While decreasing gas demand has prices below June’s record highs, the cost per gallon is still at levels never seen before this year. Despite President Joe Biden’s efforts to paint the problem as “Putin’s price hike,” the political pressure is on the Biden administration to lower domestic prices, though most of its ideas are being met with resistance.
U.S. oil companies, increasingly at odds with the president over the cause of rising oil prices, urged Biden against banning fuel exports, which have been rising to near record levels lately. While forcing companies to keep oil products in the country could increase domestic supply and depress demand, refiners could decide to bring down output in response.
“I think that would be a very bad idea,” said Andy Lipow, president of Lipow Oil Associates. “While in the short term, it might mitigate some of the increases in oil prices, what you’ll actually see is investment will start to come to a halt in the oil patch here in the U.S.”
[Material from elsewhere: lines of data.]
text \<open>States: a finite type 's containing the sink state e
 (the non-sink states play the role of {1..S}); actions: a finite type 'a.
 Transition kernel p s a :: 's pmf (so p(s,a,s') = pmf (p s a) s'),
 rewards r s a s' :: real, initial distribution mu :: 's pmf.
 A history-dependent randomized policy maps the history
 [(s_0,a_0),...,(s_{k-1},a_{k-1})] and the current state s_k to a
 distribution over actions.\<close>

type_synonym ('s, 'a) hr_policy = "('s \<times> 'a) list \<Rightarrow> 's \<Rightarrow> 'a pmf"

definition sd_policy :: "('s \<Rightarrow> 'a) \<Rightarrow> ('s, 'a) hr_policy" where
  "sd_policy d = (\<lambda>h s. return_pmf (d s))"

text \<open>traj p mu pol n: joint law of ([(s_0,a_0),...,(s_{n-1},a_{n-1})], s_n).\<close>
fun traj :: "('s \<Rightarrow> 'a \<Rightarrow> 's pmf) \<Rightarrow> 's pmf \<Rightarrow> ('s, 'a) hr_policy \<Rightarrow> nat
              \<Rightarrow> (('s \<times> 'a) list \<times> 's) pmf" where
  "traj p mu pol 0 = map_pmf (\<lambda>s. ([], s)) mu"
| "traj p mu pol (Suc n) = bind_pmf (traj p mu pol n)
     (\<lambda>(h, s). bind_pmf (pol h s) (\<lambda>a. map_pmf (\<lambda>s'. (h @ [(s, a)], s')) (p s a)))"

fun ret :: "('s \<Rightarrow> 'a \<Rightarrow> 's \<Rightarrow> real) \<Rightarrow> ('s \<times> 'a) list \<Rightarrow> 's \<Rightarrow> real" where
  "ret r [] s' = 0"
| "ret r [(s, a)] s' = r s a s'"
| "ret r ((s, a) # (s2, a2) # h) s' = r s a s2 + ret r ((s2, a2) # h) s'"

definition ERM :: "real \<Rightarrow> real pmf \<Rightarrow> real" where
  "ERM \<beta> X = (if \<beta> = 0 then measure_pmf.expectation X (\<lambda>x. x)
              else - (1 / \<beta>) * ln (measure_pmf.expectation X (\<lambda>x. exp (- \<beta> * x))))"

text \<open>g_t(pol,beta) = ERM_beta[ sum_{k=0}^t r(s_k,a_k,s_{k+1}) ].\<close>
definition g :: "('s \<Rightarrow> 'a \<Rightarrow> 's pmf) \<Rightarrow> ('s \<Rightarrow> 'a \<Rightarrow> 's \<Rightarrow> real) \<Rightarrow> 's pmf
                 \<Rightarrow> nat \<Rightarrow> ('s, 'a) hr_policy \<Rightarrow> real \<Rightarrow> real" where
  "g p r mu t pol \<beta> = ERM \<beta> (map_pmf (\<lambda>(h, s). ret r h s) (traj p mu pol (Suc t)))"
U.S. oil production is still lagging below pre-pandemic levels, though it is on the rise. As of June 24, the Baker Hughes rig count is up 60% compared with last year. But the nation is still far below the near 13 million barrels of crude oil produced every day at the end of 2019. Part of it, Lipow said, is the residual pain from tanking COVID-19 pandemic prices and bankruptcies that ensued. Supply chain issues are also at play. Another factor is the political environment between two vastly different administrations.
“The [Biden] administration’s misguided policy agenda shifting away from domestic oil and natural gas has compounded inflationary pressures and added headwinds to companies’ daily efforts to meet growing energy needs while reducing emissions,” the American Petroleum Institute said in a statement aimed at the president.
While Biden has harped on oil refiners to boost production with rising prices, critics say his positions on fossil fuels are discouraging that investment.
“In the back of their mind, they are concerned that we have an administration that really wants to phase out fossil fuels, so how much investment do you really want to make over the next five or 10 years is the big question in their mind,” Lipow said.
That said, high oil prices have been enough to convince some companies to start increasing budgets and investments despite worries about the future.
“They always say that the cure to high prices is high prices, and that’s exactly what I think we’ll see,” ExxonMobil CEO Darren Woods told the Financial Times. “So it’s a question of how high prices eventually rise.”